__WHAT TO PRODUCE__: Nothing left out, nothing added: return the full set of records.

Collected data
lemma norm_fourier_coeff_midpoint_curve:
  assumes cont: "continuous_on UNIV h" and per: "\<And>s. h (s + 2*pi) = h s" and "k \<ge> 2" and "n > 0"
  shows "(norm (fourier_coeff (midpoint_curve k h) (int (k * n))))\<^sup>2
      = (fourier_a h (k * n - 1))\<^sup>2 + (fourier_b h (k * n - 1))\<^sup>2"
    and "(norm (fourier_coeff (midpoint_curve k h) (- int (k * n))))\<^sup>2
      = (fourier_a h (k * n + 1))\<^sup>2 + (fourier_b h (k * n + 1))\<^sup>2"
proof -
  let ?c = "fourier_coeff (\<lambda>t. of_real (h t))"
  have "2 * 1 \<le> k * n"
    using \<open>k \<ge> 2\<close> \<open>n > 0\<close> by (intro mult_le_mono) simp_all
  then have "k * n \<ge> 2"
    by simp
  then have "1 \<le> k * n"
    by linarith
  from of_nat_diff[OF this] have "int (k * n - 1) = int (k * n) - 1"
    by simp
  then have "fourier_coeff (midpoint_curve k h) (int (k * n)) = 2 * ?c (int (k * n - 1))"
    using fourier_coeff_midpoint_curve[OF cont per, of k "int (k * n)"] \<open>k \<ge> 2\<close>
    by (simp only:) simp
  then show "(norm (fourier_coeff (midpoint_curve k h) (int (k * n))))\<^sup>2
      = (fourier_a h (k * n - 1))\<^sup>2 + (fourier_b h (k * n - 1))\<^sup>2"
    using norm_fourier_coeff_of_real[OF cont, of "k * n - 1"] \<open>k * n \<ge> 2\<close> by (simp add: norm_mult power_mult_distrib)
  have "- int (k * n) - 1 = - int (k * n + 1)"
    by simp
  then have "fourier_coeff (midpoint_curve k h) (- int (k * n)) = 2 * ?c (- int (k * n + 1))"
    using fourier_coeff_midpoint_curve[OF cont per, of k "- int (k * n)"] \<open>k \<ge> 2\<close>
    by (simp only:) simp
  also have "\<dots> = 2 * cnj (?c (int (k * n + 1)))"
    by (simp only: fourier_coeff_of_real_uminus)
  finally show "(norm (fourier_coeff (midpoint_curve k h) (- int (k * n))))\<^sup>2
      = (fourier_a h (k * n + 1))\<^sup>2 + (fourier_b h (k * n + 1))\<^sup>2"
    using norm_fourier_coeff_of_real[OF cont, of "k * n + 1"] by (simp add: norm_mult power_mult_distrib)
qed

lemma smooth_periodic_derivatives:
  assumes "smooth_fun h" and "periodic_2pi h"
  obtains D where "D 0 = h" and "\<And>m x. (D m has_real_derivative D (Suc m) x) (at x)"
    and "\<And>m t. D m (t + 2*pi) = D m t"
proof -
  obtain D where D0: "D 0 = h" and deriv: "\<And>m x. (D m has_real_derivative D (Suc m) x) (at x)"
    using assms(1) unfolding smooth_fun_def by blast
  have "D m (t + 2*pi) = D m t" for m t
  proof (induction m arbitrary: t)
    case 0
    then show ?case
      using assms(2) D0 unfolding periodic_2pi_def by simp
  next
    case (Suc m)
    then show ?case
      by (rule has_real_derivative_periodic[OF _ deriv])
  qed
  with D0 deriv show thesis
    by (rule that)
qed

lemma has_sum_midpoint_set_area:
  assumes D0: "D 0 = h" and deriv: "\<And>m x. (D m has_real_derivative D (Suc m) x) (at x)"
    and per: "\<And>m t. D m (t + 2*pi) = D m t" and "k > 0"
  shows "((\<lambda>n. of_int n * (norm (fourier_coeff (midpoint_curve k h) n))\<^sup>2) has_sum
      real k * midpoint_set_area h k / pi) UNIV"
proof -
  have cont: "continuous_on UNIV (D m)" for m
    using deriv by (meson DERIV_isCont continuous_at_imp_continuous_on)
  define Z where "Z m = midpoint_curve k (D m)" for m
  have dZ: "(Z m has_vector_derivative Z (Suc m) s + \<i> * Z m s) (at s)" for m s
    unfolding Z_def by (rule has_vector_derivative_midpoint_curve[OF deriv])
  have dZ0: "(Z 0 has_vector_derivative Z 1 s + \<i> * Z 0 s) (at s)" for s
    using dZ[of 0] by simp
  have dZ': "((\<lambda>s. Z 1 s + \<i> * Z 0 s) has_vector_derivative (Z 2 s + \<i> * Z 1 s) + \<i> * (Z 1 s + \<i> * Z 0 s)) (at s)"
    for s
    using has_vector_derivative_add[OF dZ[of 1 s] has_vector_derivative_mult_right[OF dZ[of 0 s], of \<i>]]
    by (simp add: numeral_2_eq_2)
  have cont'': "continuous_on {0..2*pi} (\<lambda>s. (Z 2 s + \<i> * Z 1 s) + \<i> * (Z 1 s + \<i> * Z 0 s))"
    unfolding Z_def by (intro continuous_intros continuous_on_midpoint_curve cont)
  have perZ: "Z m (t + 2*pi) = Z m t" for m t
    unfolding Z_def by (rule midpoint_curve_periodic[where g="D m", OF per])
  define I where "I = integral {0..2*pi} (\<lambda>t. Im (cnj (Z 0 t) * (Z 1 t + \<i> * Z 0 t)))"
  have sum: "((\<lambda>n. of_int n * (norm (fourier_coeff (Z 0) n))\<^sup>2) has_sum I / (2*pi)) UNIV"
    unfolding I_def by (rule has_sum_fourier_area[OF dZ0 dZ' cont'']) (simp_all add: perZ)
  have "midpoint_set_area h k = I / (2 * real k)"
    using midpoint_set_area_eq_integral[OF deriv[of 0] cont[of "Suc 0"] per[of 0] per[of "Suc 0"] \<open>k > 0\<close>]
    unfolding I_def Z_def D0 by simp
  then have "I / (2*pi) = real k * midpoint_set_area h k / pi"
    using \<open>k > 0\<close> by simp
  with sum show ?thesis
    by (simp add: Z_def D0)
qed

__TASK ANSWER__:
lemma norm_fourier_coeff_midpoint_curve:
  assumes cont: "continuous_on UNIV h" and per: "\<And>s. h (s + 2*pi) = h s" and "k \<ge> 2" and "n > 0"
  shows "(norm (fourier_coeff (midpoint_curve k h) (int (k * n))))\<^sup>2
      = (fourier_a h (k * n - 1))\<^sup>2 + (fourier_b h (k * n - 1))\<^sup>2"
    and "(norm (fourier_coeff (midpoint_curve k h) (- int (k * n))))\<^sup>2
      = (fourier_a h (k * n + 1))\<^sup>2 + (fourier_b h (k * n + 1))\<^sup>2"
proof -
  let ?c = "fourier_coeff (\<lambda>t. of_real (h t))"
  have "2 * 1 \<le> k * n"
    using \<open>k \<ge> 2\<close> \<open>n > 0\<close> by (intro mult_le_mono) simp_all
  then have "k * n \<ge> 2"
    by simp
  then have "1 \<le> k * n"
    by linarith
  from of_nat_diff[OF this] have "int (k * n - 1) = int (k * n) - 1"
    by simp
  then have "fourier_coeff (midpoint_curve k h) (int (k * n)) = 2 * ?c (int (k * n - 1))"
    using fourier_coeff_midpoint_curve[OF cont per, of k "int (k * n)"] \<open>k \<ge> 2\<close>
    by (simp only:) simp
  then show "(norm (fourier_coeff (midpoint_curve k h) (int (k * n))))\<^sup>2
      = (fourier_a h (k * n - 1))\<^sup>2 + (fourier_b h (k * n - 1))\<^sup>2"
    using norm_fourier_coeff_of_real[OF cont, of "k * n - 1"] \<open>k * n \<ge> 2\<close> by (simp add: norm_mult power_mult_distrib)
  have "- int (k * n) - 1 = - int (k * n + 1)"
    by simp
  then have "fourier_coeff (midpoint_curve k h) (- int (k * n)) = 2 * ?c (- int (k * n + 1))"
    using fourier_coeff_midpoint_curve[OF cont per, of k "- int (k * n)"] \<open>k \<ge> 2\<close>
    by (simp only:) simp
  also have "\<dots> = 2 * cnj (?c (int (k * n + 1)))"
    by (simp only: fourier_coeff_of_real_uminus)
  finally show "(norm (fourier_coeff (midpoint_curve k h) (- int (k * n))))\<^sup>2
      = (fourier_a h (k * n + 1))\<^sup>2 + (fourier_b h (k * n + 1))\<^sup>2"
    using norm_fourier_coeff_of_real[OF cont, of "k * n + 1"] by (simp add: norm_mult power_mult_distrib)
qed

lemma smooth_periodic_derivatives:
  assumes "smooth_fun h" and "periodic_2pi h"
  obtains D where "D 0 = h" and "\<And>m x. (D m has_real_derivative D (Suc m) x) (at x)"
    and "\<And>m t. D m (t + 2*pi) = D m t"
proof -
  obtain D where D0: "D 0 = h" and deriv: "\<And>m x. (D m has_real_derivative D (Suc m) x) (at x)"
    using assms(1) unfolding smooth_fun_def by blast
  have "D m (t + 2*pi) = D m t" for m t
  proof (induction m arbitrary: t)
    case 0
    then show ?case
      using assms(2) D0 unfolding periodic_2pi_def by simp
  next
    case (Suc m)
    then show ?case
      by (rule has_real_derivative_periodic[OF _ deriv])
  qed
  with D0 deriv show thesis
    by (rule that)
qed

lemma has_sum_midpoint_set_area:
  assumes D0: "D 0 = h" and deriv: "\<And>m x. (D m has_real_derivative D (Suc m) x) (at x)"
    and per: "\<And>m t. D m (t + 2*pi) = D m t" and "k > 0"
  shows "((\<lambda>n. of_int n * (norm (fourier_coeff (midpoint_curve k h) n))\<^sup>2) has_sum
      real k * midpoint_set_area h k / pi) UNIV"
proof -
  have cont: "continuous_on UNIV (D m)" for m
    using deriv by (meson DERIV_isCont continuous_at_imp_continuous_on)
  define Z where "Z m = midpoint_curve k (D m)" for m
  have dZ: "(Z m has_vector_derivative Z (Suc m) s + \<i> * Z m s) (at s)" for m s
    unfolding Z_def by (rule has_vector_derivative_midpoint_curve[OF deriv])
  have dZ0: "(Z 0 has_vector_derivative Z 1 s + \<i> * Z 0 s) (at s)" for s
    using dZ[of 0] by simp
  have dZ': "((\<lambda>s. Z 1 s + \<i> * Z 0 s) has_vector_derivative (Z 2 s + \<i> * Z 1 s) + \<i> * (Z 1 s + \<i> * Z 0 s)) (at s)"
    for s
    using has_vector_derivative_add[OF dZ[of 1 s] has_vector_derivative_mult_right[OF dZ[of 0 s], of \<i>]]
    by (simp add: numeral_2_eq_2)
  have cont'': "continuous_on {0..2*pi} (\<lambda>s. (Z 2 s + \<i> * Z 1 s) + \<i> * (Z 1 s + \<i> * Z 0 s))"
    unfolding Z_def by (intro continuous_intros continuous_on_midpoint_curve cont)
  have perZ: "Z m (t + 2*pi) = Z m t" for m t
    unfolding Z_def by (rule midpoint_curve_periodic[where g="D m", OF per])
  define I where "I = integral {0..2*pi} (\<lambda>t. Im (cnj (Z 0 t) * (Z 1 t + \<i> * Z 0 t)))"
  have sum: "((\<lambda>n. of_int n * (norm (fourier_coeff (Z 0) n))\<^sup>2) has_sum I / (2*pi)) UNIV"
    unfolding I_def by (rule has_sum_fourier_area[OF dZ0 dZ' cont'']) (simp_all add: perZ)
  have "midpoint_set_area h k = I / (2 * real k)"
    using midpoint_set_area_eq_integral[OF deriv[of 0] cont[of "Suc 0"] per[of 0] per[of "Suc 0"] \<open>k > 0\<close>]
    unfolding I_def Z_def D0 by simp
  then have "I / (2*pi) = real k * midpoint_set_area h k / pi"
    using \<open>k > 0\<close> by simp
  with sum show ?thesis
    by (simp add: Z_def D0)
qed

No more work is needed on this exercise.